Ketua Badan Eksekutif Solidaritas Perempuan, Armayanti Sanusi, menyebutkan catatan kritis solidaritas perempuan menemukan fakta bahwa, berbagai kebijakan iklim melalui proyek energi geotermal di Poco Leok, Nusa Tenggara Timur, Gunung Rajabasa Lampung, hingga Pembangkit Listrik tenaga Air (PLTA) Poso Energi di Sulawesi Tengah telah memperluas diskriminasi dan marginalisasi terhadap perempuan.
Penghancuran ruang kelola perempuan dan peminggiran peran perempuan di dalam pengelolaan sumberdaya alam mengorbankan perempuan dan menciptakan pemiskinan struktural.
“Saat perempuan dan masyarakat memperjuangkan ruang kelola mereka justru dikriminalisasi, diintimidasi bahkan melakukan kekerasan yang menyasar perempuan,” ujarnya.
Direktur Yayasan Penguatan Lingkar Belajar Komunitas Lokal (Pikul), Torry Kuswardono, menyebutkan kondisi politik minim oposisi kali ini akan menjauhkan Indonesia dalam penanganan krisis iklim. Padahal selama ini krisis iklim mendudukkan kelompok rentan meliputi disabilitas, nelayan kecil dan tradisional, buruh tani, perempuan, masyarakat adat, kelompok miskin perkotaan, serta buruh, mengalami kehilangan, kerusakan, dan beban berlapis akibat krisis iklim.
Aksi damai Greenpeace Indonesia menjelang pelantikan Prabowo Gibran sebagai Presiden-Wakil Presiden RI 2024-2029. Foto: Greenpeace Indonesia
Terpisah, pada Jumat lalu (18/10/2024), Greenpeace Indonesia menggelar aksi damai kreatif berupa proyeksi video di bilangan Jakarta Pusat. Mereka mengajak publik untuk terus bersuara demi penyelamatan dan pemulihan lingkungan, demokrasi, dan HAM.
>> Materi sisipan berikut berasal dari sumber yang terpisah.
(* For a prime $p$, let $I=\{1,2,\dots,\lfloor p/2\rfloor-1\}$, $K=\lceil\log p\rceil$, and let $R\subset I$ be the random set obtained by including each element of $I$ independently with probability $Kp^{-2/3}$. Then, for $p$ sufficiently large and with absolute implied constants: (a) $\mathbb E\,|R\cap(R+R+\{0,1\})|\ll K^3$; (b) $\mathbb P\big(\exists n\in\mathbb Z:\ (1_R*1_R)(n)\ge 9\big)\ll K^{-1}$; (c) $\mathbb P\big(\exists n\in\mathbb Z\setminus\{0\}:\ (1_R*1_{-R})(n)\ge 8\big)\ll K^{-1}$; (d) $\mathbb P\big(\exists n\in[p/5,7p/5]\cap\mathbb Z:\ \#\{T\in\mathcal T(n):T\subset R\}\le K^2\big)\ll K^{-1}$, where $\mathcal T(n)$ is the collection of $3$-element subsets $\{a,b,c\}\subset I$ of pairwise distinct elements with $a+b+c=n$.
   Context: $(f*g)(n)=\sum_{a+b=n}f(a)g(b)$ denotes additive convolution on $\mathbb Z$; $1_R$ is the indicator function of $R$ and $-R=\{-r:r\in R\}$. *)

theory Defs
  imports "HOL-Analysis.Analysis" "HOL-Computational_Algebra.Primes"
begin

definition conv :: "(int \<Rightarrow> real) \<Rightarrow> (int \<Rightarrow> real) \<Rightarrow> int \<Rightarrow> real" where
  "conv f g n = (\<Sum>\<^sub>\<infinity>a. f a * g (n - a))"

text \<open>Random subset R of a finite set I, each element included independently with
  probability q: the law is P(R = S) = q^|S| (1-q)^(|I|-|S|) for S \<subseteq> I.\<close>
definition rweight :: "int set \<Rightarrow> real \<Rightarrow> int set \<Rightarrow> real" where
  "rweight I q S = q ^ card S * (1 - q) ^ (card I - card S)"

definition rexp :: "int set \<Rightarrow> real \<Rightarrow> (int set \<Rightarrow> real) \<Rightarrow> real" where
  "rexp I q F = (\<Sum>S\<in>Pow I. rweight I q S * F S)"

definition rprob :: "int set \<Rightarrow> real \<Rightarrow> (int set \<Rightarrow> bool) \<Rightarrow> real" where
  "rprob I q P = (\<Sum>S\<in>{S\<in>Pow I. P S}. rweight I q S)"

definition triples :: "int set \<Rightarrow> int \<Rightarrow> int set set" where
  "triples I n = {T. T \<subseteq> I \<and> card T = 3 \<and> \<Sum>T = n}"

end

theory Submission
  imports Defs "HOL-Real_Asymp.Real_Asymp"
begin

(*
  The random set is the product measure given by rweight, so expectations and probabilities are
  finite sums; besides linearity, the union bound and the inequalities of Markov and Chebyshev,
  the proof only uses that disjoint parts of the random set are independent.  Write L = |I| ~ p/2
  and q = K p^(-2/3).

  (a) Every element of R \<inter> (R + R + {0, 1}) comes from a triple (a, b, e) with a, b, a + b + e in R.
  At most 2 L^2 such triples involve three elements and at most 2 L only two, so the expectation
  is O(L^2 q^3 + L q^2) = O(K^3).

  (b), (c) Nine representations n = a + (n - a), resp. eight differences n = c - (c - n), contain
  four pairs with eight distinct elements of R.  There are at most p L^4 such configurations, each
  present with probability q^8, and p L^4 q^8 = O(K^8 p^(-1/3)) = O(1/K).

  (d) Given n in [p/5, 7p/5], pick consecutive blocks A, B of length M ~ p/200 such that n - A - B
  lies below both blocks.  Outside probability O(1/K), R meets A and B in about qM points and the
  sums of these have few coincidences, so R \<inter> A + R \<inter> B has about (qM)^2 ~ K^2 p^(2/3) elements.
  Each gives a candidate third element n - a - b outside A \<union> B, present independently with
  probability q; a binomial tail estimate shows that fewer than K^2 of them are present with
  probability exp(-c K^3), which survives the union bound over the O(p) values of n.
*)

lemma bij_betw_Un_Pow:
  assumes "A \<inter> B = {}"
  shows "bij_betw (\<lambda>(X, Y). X \<union> Y) (Pow A \<times> Pow B) (Pow (A \<union> B))"
proof (rule bij_betwI')
  fix u v assume uv: "u \<in> Pow A \<times> Pow B" "v \<in> Pow A \<times> Pow B"
  obtain X Y X' Y' where u: "u = (X, Y)" and v: "v = (X', Y')" by (cases u, cases v)
  have "X = (X \<union> Y) \<inter> A" "Y = (X \<union> Y) \<inter> B" "X' = (X' \<union> Y') \<inter> A" "Y' = (X' \<union> Y') \<inter> B"
    using uv assms unfolding u v by auto
  then show "((\<lambda>(X, Y). X \<union> Y) u = (\<lambda>(X, Y). X \<union> Y) v) = (u = v)"
    unfolding u v by (metis case_prod_conv)
next
  fix S assume "S \<in> Pow (A \<union> B)"
  then have "S = (\<lambda>(X, Y). X \<union> Y) (S \<inter> A, S \<inter> B)" "(S \<inter> A, S \<inter> B) \<in> Pow A \<times> Pow B" by auto
  then show "\<exists>u\<in>Pow A \<times> Pow B. S = (\<lambda>(X, Y). X \<union> Y) u" by blast
qed auto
Greenpeace Indonesia menampilkan proyeksi video yang menunjukkan peta Indonesia dengan titik-titik lokasi terjadinya perusakan lingkungan. Deforestasi, perampasan hutan dan wilayah masyarakat adat, kebakaran hutan dan lahan gambut, pertambangan—mulai dari nikel, emas, batu bara, hingga pasir laut—serta pembangunan pembangkit listrik tenaga uap (PLTU) batu bara industri terlacak di seantero Indonesia.
Ketua Kelompok Kerja Politik Greenpeace Indonesia, Khalisah Khalid, menyebutkan meski tak bisa banyak berharap, masyarakat sipil perlu terus mengawasi pemerintahan Prabowo-Gibran.
“Kita perlu terus bersuara agar mereka menghentikan watak pembangunan ekstraktif yang merusak lingkungan hidup, melanggar HAM, dan merugikan masyarakat,” kata dia.
Greenpeace Indonesia mencatat selama satu dekade pemerintahan Presiden Jokowi, proyek-proyek berlabel hijau yang dijalankan pemerintahan sarat pelanggaran ekologis dan ketidakadilan, seperti yang terjadi di Pulau Rempang, Kepulauan Riau, dan Kalimantan Utara.
Kabinet yang dibentuk Prabowo-pun juga diduduki oleh orang-orang yang selama ini memiliki rekam jejak bermasalah dalam kebijakan lingkungan. Ada sejumlah nama lain dalam bursa kandidat anggota kabinet Prabowo yang juga ditengarai memiliki konflik kepentingan dalam pengelolaan sumber daya alam.